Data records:
text \<open>Column \<open>x\<close> of the ideal has height \<open>l ! (n - x)\<close>: reading the heights from \<open>x = n\<close>
  downwards turns the ideal property into the defining condition of \<open>height_seqs n 0\<close>.\<close>

definition heights_ideal :: "nat \<Rightarrow> nat list \<Rightarrow> nat set" where
  "heights_ideal n l = {cell (Suc n) x t | x t. 0 < x \<and> x + t \<le> n \<and> t < l ! (n - x)}"

lemma cell_mem_heights_ideal:
  assumes "0 < x" "x + t \<le> n"
  shows "cell (Suc n) x t \<in> heights_ideal n l \<longleftrightarrow> t < l ! (n - x)"
  using assms cell_inject[of _ _ "Suc n"] unfolding heights_ideal_def by fastforce

lemma heights_ideal_subset_T: "heights_ideal n l \<subseteq> T (Suc n)"
  unfolding heights_ideal_def using cell_in_T by fastforce

lemma heights_ideal_covers_closed:
  assumes l: "l \<in> height_seqs n 0" and c: "covers (Suc n) a b" and a: "a \<in> heights_ideal n l"
  shows "b \<in> heights_ideal n l"
proof -
  obtain x t where xt: "a = cell (Suc n) x (Suc t)" "b = cell (Suc n) x t \<or> b = cell (Suc n) (Suc x) t"
    "0 < x" "x + Suc t \<le> n"
    using covers_cellE[OF _ c] by (metis less_Suc_eq_le zero_less_Suc)
  have up: "Suc t < l ! (n - x)"
    using a xt cell_mem_heights_ideal by simp
  show ?thesis
  proof (cases "b = cell (Suc n) x t")
    case True
    then show ?thesis using up xt cell_mem_heights_ideal by simp
  next
    case False
    have "l ! (n - x) \<le> Suc (l ! (n - Suc x))"
      using l xt(3,4) rises_by_le_one_iff[of 0 l] unfolding height_seqs_def
      by (auto simp: Suc_diff_Suc dest: spec[of _ "n - x"])
    then show ?thesis using False up xt cell_mem_heights_ideal by simp
  qed
qed

lemma heights_ideal_in_ideals:
  assumes "l \<in> height_seqs n 0"
  shows "heights_ideal n l \<in> ideals (Suc n)"
proof -
  have "b \<in> heights_ideal n l" if "(b, a) \<in> {(x, y). covers (Suc n) y x}\<^sup>*" "a \<in> heights_ideal n l" for a b
    using that by (induction rule: converse_rtrancl_induct) (auto intro: heights_ideal_covers_closed[OF assms])
  then show ?thesis
    unfolding ideals_def Tle_def using heights_ideal_subset_T by blast
qed

lemma inj_on_heights_ideal: "inj_on (heights_ideal n) (height_seqs n 0)"
proof (rule inj_onI, rule nth_equalityI)
  fix l l' assume l: "l \<in> height_seqs n 0" and l': "l' \<in> height_seqs n 0"
    and eq: "heights_ideal n l = heights_ideal n l'"
  then show "length l = length l'"
    unfolding height_seqs_def by simp
  have le: "\<not> l ! p < l' ! p"
    if "l \<in> height_seqs n 0" "l' \<in> height_seqs n 0" "heights_ideal n l = heights_ideal n l'" "p < n"
    for l l' p
  proof
    assume lt: "l ! p < l' ! p"
    moreover have "l' ! p \<le> Suc p"
      using that rises_by_le_one_nth_le unfolding height_seqs_def by auto
    ultimately have "cell (Suc n) (n - p) (l ! p) \<in> heights_ideal n l' - heights_ideal n l"
      using that(4) cell_mem_heights_ideal[of "n - p" "l ! p" n] by simp
    then show False
      using that(3) by blast
  qed
  fix p assume "p < length l"
  then show "l ! p = l' ! p"
    using le[OF l l' eq] le[OF l' l eq[symmetric]] l unfolding height_seqs_def by force
qed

* [WHAT YOU WILL DO] As the answer, set down only the lines from the data above between the one holding "t \<in> heights_ideal" and the one holding "Suc t \<le>", inclusive, exactly as they read.

* [REPLY]
  shows "cell (Suc n) x t \<in> heights_ideal n l \<longleftrightarrow> t < l ! (n - x)"
  using assms cell_inject[of _ _ "Suc n"] unfolding heights_ideal_def by fastforce

lemma heights_ideal_subset_T: "heights_ideal n l \<subseteq> T (Suc n)"
  unfolding heights_ideal_def using cell_in_T by fastforce

lemma heights_ideal_covers_closed:
  assumes l: "l \<in> height_seqs n 0" and c: "covers (Suc n) a b" and a: "a \<in> heights_ideal n l"
  shows "b \<in> heights_ideal n l"
proof -
  obtain x t where xt: "a = cell (Suc n) x (Suc t)" "b = cell (Suc n) x t \<or> b = cell (Suc n) (Suc x) t"
    "0 < x" "x + Suc t \<le> n"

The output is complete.